lemma exists_R_preimage_near:
  assumes "z \<in> D"
  shows "\<exists>x\<in>D. R x = z \<and> norm (z - x) \<le> \<kappa> * (2 * m + 1) / m^2 * norm (T z, z)"
proof -
  let ?n = "norm (T z, z)"
  define c where "c = (coord z - corr z) / complex_of_real s"
  define x where "x = c *\<^sub>C x0 + perp z"
  have "x \<in> D" by (simp add: x_def scaleC_x0_add_in perp_in assms)
  have "perp x = perp z" by (simp add: x_def perp_scaleC_x0_add perp_perp)
  moreover have "cinner (T x0) (T z) = complex_of_real (N^2 * s) * coord x"
    using s_pos by (simp add: cinner_Tx0_T[OF assms] x_def coord_scaleC_x0_add coord_perp c_def)
  ultimately have "R x = z" by (rule R_eqI[OF assms])
  have eq: "(coord z - c) * complex_of_real s = complex_of_real (s - 1) * coord z + corr z"
    using s_pos by (simp add: c_def field_simps)
  have "cmod (coord z - c) * s = cmod ((coord z - c) * complex_of_real s)"
    using s_pos by (simp add: norm_mult)
  also have "\<dots> = cmod (complex_of_real (s - 1) * coord z + corr z)"
    by (simp only: eq)
  also have "\<dots> \<le> (1 - s) * cmod (coord z) + cmod (corr z)"
    using norm_triangle_ineq[of "complex_of_real (s - 1) * coord z" "corr z"] s_le_1
    by (simp only: norm_mult norm_of_real) simp
  finally have "cmod (coord z - c) * s * N \<le> ((1 - s) * cmod (coord z) + cmod (corr z)) * N"
    by (rule mult_right_mono) simp
  then have "cmod (coord z - c) * m \<le> (N - m) * cmod (coord z) + cmod (corr z) * N"
    using N_pos by (simp add: s_def field_simps)
  also have "\<dots> \<le> \<kappa> * ?n + \<kappa> * (1 + 1 / m) * ?n"
  proof (rule add_mono)
    show "(N - m) * cmod (coord z) \<le> \<kappa> * ?n"
      using N_minus_m_le_kappa kappa_nonneg norm_coord_le[of z] norm_snd_le[of z "T z"]
      by (intro mult_mono) auto
  qed (rule norm_corr_mult_N_le[OF assms])
  finally have "cmod (coord z - c) \<le> \<kappa> * (2 * m + 1) / m^2 * ?n"
    using m_pos by (simp add: field_simps power2_eq_square)
  moreover have "norm (z - x) = cmod (coord z - c)"
    using norm_diff_eq_coord[of z x] \<open>perp x = perp z\<close>
    by (simp add: x_def coord_scaleC_x0_add coord_perp)
  ultimately show ?thesis using \<open>x \<in> D\<close> \<open>R x = z\<close> by auto
qed

lemma norm_corr_mult_N_sq_le:
  assumes "x \<in> D" "2 * \<kappa> \<le> m"
  shows "cmod (corr x) * N^2 \<le> 2 * \<kappa> * (1 + m) * norm (T' x, x)"
proof -
  let ?n = "norm (T' x, x)" and ?\<alpha> = "coord x" and ?p = "corr x"
  have "cmod (complex_of_real s * ?\<alpha> + ?p) * N \<le> (s * cmod ?\<alpha> + cmod ?p) * N"
    using norm_triangle_ineq[of "complex_of_real s * ?\<alpha>" ?p] s_pos
    by (intro mult_right_mono) (auto simp: norm_mult)
  also have "\<dots> = m * cmod ?\<alpha> + cmod ?p * N"
    using N_pos by (simp add: s_def field_simps)
  moreover have "T (perp x) = T' x - (complex_of_real s * ?\<alpha> + ?p) *\<^sub>C T x0"
    using T'_eq[OF assms(1)] by simp
  ultimately have "norm (T (perp x)) \<le> norm (T' x) + m * cmod ?\<alpha> + cmod ?p * N"
    using norm_triangle_ineq4[of "T' x" "(complex_of_real s * ?\<alpha> + ?p) *\<^sub>C T x0"]
    by (simp add: norm_scaleC)
  then have "cmod ?p * N^2 \<le> \<kappa> * (norm (T' x) + m * cmod ?\<alpha>) + \<kappa> * (cmod ?p * N)"
    using norm_corr_le[OF assms(1)] kappa_nonneg
    by (simp add: distrib_left[symmetric]) (meson mult_left_mono order_trans)
  moreover have "\<kappa> * (cmod ?p * N) \<le> cmod ?p * N^2 / 2"
    using assms(2) m_le_N mult_right_mono[of \<kappa> "N / 2" "cmod ?p * N"]
    by (simp add: power2_eq_square mult_ac)
  ultimately have "cmod ?p * N^2 \<le> 2 * \<kappa> * (norm (T' x) + m * cmod ?\<alpha>)" by linarith
  also have "\<dots> \<le> 2 * \<kappa> * (?n + m * ?n)"
    using norm_fst_le[of "T' x" x] norm_coord_le[of x] norm_snd_le[of x "T' x"] kappa_nonneg m_pos
    by (intro mult_left_mono add_mono) auto
  finally show ?thesis by (simp add: algebra_simps)
qed

lemma norm_sub_R_le:
  assumes "x \<in> D" "2 * \<kappa> \<le> m"
  shows "norm (x - R x) \<le> \<kappa> * (3 * m + 2) / m^2 * norm (T' x, x)"
proof -
  let ?n = "norm (T' x, x)" and ?\<alpha> = "coord x" and ?p = "corr x"
  have "norm (x - R x) = cmod (complex_of_real (1 - s) * ?\<alpha> - ?p)"
    using norm_diff_eq_coord[of x "R x"] by (simp add: perp_R coord_R algebra_simps)
  also have "\<dots> \<le> (1 - s) * cmod ?\<alpha> + cmod ?p"
    using norm_triangle_ineq4[of "complex_of_real (1 - s) * ?\<alpha>" ?p] s_le_1
    by (simp only: norm_mult norm_of_real)
  finally have "norm (x - R x) * m^2 \<le> ((1 - s) * cmod ?\<alpha> + cmod ?p) * m^2"
    by (rule mult_right_mono) simp
  also have "\<dots> = (1 - s) * m * cmod ?\<alpha> * m + cmod ?p * m^2"
    by (simp add: power2_eq_square algebra_simps)
  also have "(1 - s) * m * cmod ?\<alpha> * m \<le> \<kappa> * ?n * m"
  proof -
    have "(1 - s) * m \<le> (1 - s) * N" using s_le_1 m_le_N by (simp add: mult_left_mono)
    then have "(1 - s) * m \<le> \<kappa>" using s_mult_N N_minus_m_le_kappa by (simp add: algebra_simps)
    then show ?thesis using norm_coord_le[of x] norm_snd_le[of x "T' x"] s_le_1 m_pos kappa_nonneg
      by (intro mult_right_mono mult_mono) auto
  qed
  also have "cmod ?p * m^2 \<le> 2 * \<kappa> * (1 + m) * ?n"
    using norm_corr_mult_N_sq_le[OF assms] m_le_N m_pos
    by (meson mult_left_mono norm_ge_zero order_trans power_mono less_imp_le)
  finally show ?thesis using m_pos by (simp add: field_simps power2_eq_square)
qed

lemma gap_T_T'_le:
  assumes "2 * \<kappa> \<le> m"
  shows "gap D T D T' \<le> \<kappa> * (3 * m + 2) / m^2"
proof (rule gap_le_of_graph_approx[OF ddc densely_defined_closed_T'])
  show "0 \<le> \<kappa> * (3 * m + 2) / m^2" using kappa_nonneg m_pos by simp
next
  fix z assume "z \<in> D"
  then obtain x where "x \<in> D" "R x = z"
    and near: "norm (z - x) \<le> \<kappa> * (2 * m + 1) / m^2 * norm (T z, z)"
    using exists_R_preimage_near by blast
  have "\<kappa> * (2 * m + 1) / m^2 \<le> \<kappa> * (3 * m + 2) / m^2"
    using kappa_nonneg m_pos by (simp add: divide_right_mono mult_left_mono)
  then have "norm (z - x) \<le> \<kappa> * (3 * m + 2) / m^2 * norm (T z, z)"
    using near mult_right_mono[OF _ norm_ge_zero] order_trans by blast
  moreover have "norm ((T z, z) - (T' x, x)) = norm (z - x)"
    using \<open>R x = z\<close> by (simp add: T'_def norm_Pair)
  ultimately have "norm ((T z, z) - (T' x, x)) \<le> \<kappa> * (3 * m + 2) / m^2 * norm (T z, z)"
    by simp
  then show "\<exists>x\<in>D. norm ((T z, z) - (T' x, x)) \<le> \<kappa> * (3 * m + 2) / m^2 * norm (T z, z)"
    using \<open>x \<in> D\<close> by blast
next
  fix x assume "x \<in> D"
  moreover have "norm ((T' x, x) - (T (R x), R x)) = norm (x - R x)"
    by (simp add: T'_def norm_Pair)
  ultimately show "\<exists>z\<in>D. norm ((T' x, x) - (T z, z)) \<le> \<kappa> * (3 * m + 2) / m^2 * norm (T' x, x)"
    using R_in norm_sub_R_le[OF _ assms] by metis
qed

* **YOUR GOAL**
Ending with the line containing "x_def perp_scaleC_x0_add perp_perp)", please print exactly the lines of the material above from its first line onward, and nothing else.

* **ANSWER SPACE**
lemma exists_R_preimage_near:
  assumes "z \<in> D"
  shows "\<exists>x\<in>D. R x = z \<and> norm (z - x) \<le> \<kappa> * (2 * m + 1) / m^2 * norm (T z, z)"
proof -
  let ?n = "norm (T z, z)"
  define c where "c = (coord z - corr z) / complex_of_real s"
  define x where "x = c *\<^sub>C x0 + perp z"
  have "x \<in> D" by (simp add: x_def scaleC_x0_add_in perp_in assms)
  have "perp x = perp z" by (simp add: x_def perp_scaleC_x0_add perp_perp)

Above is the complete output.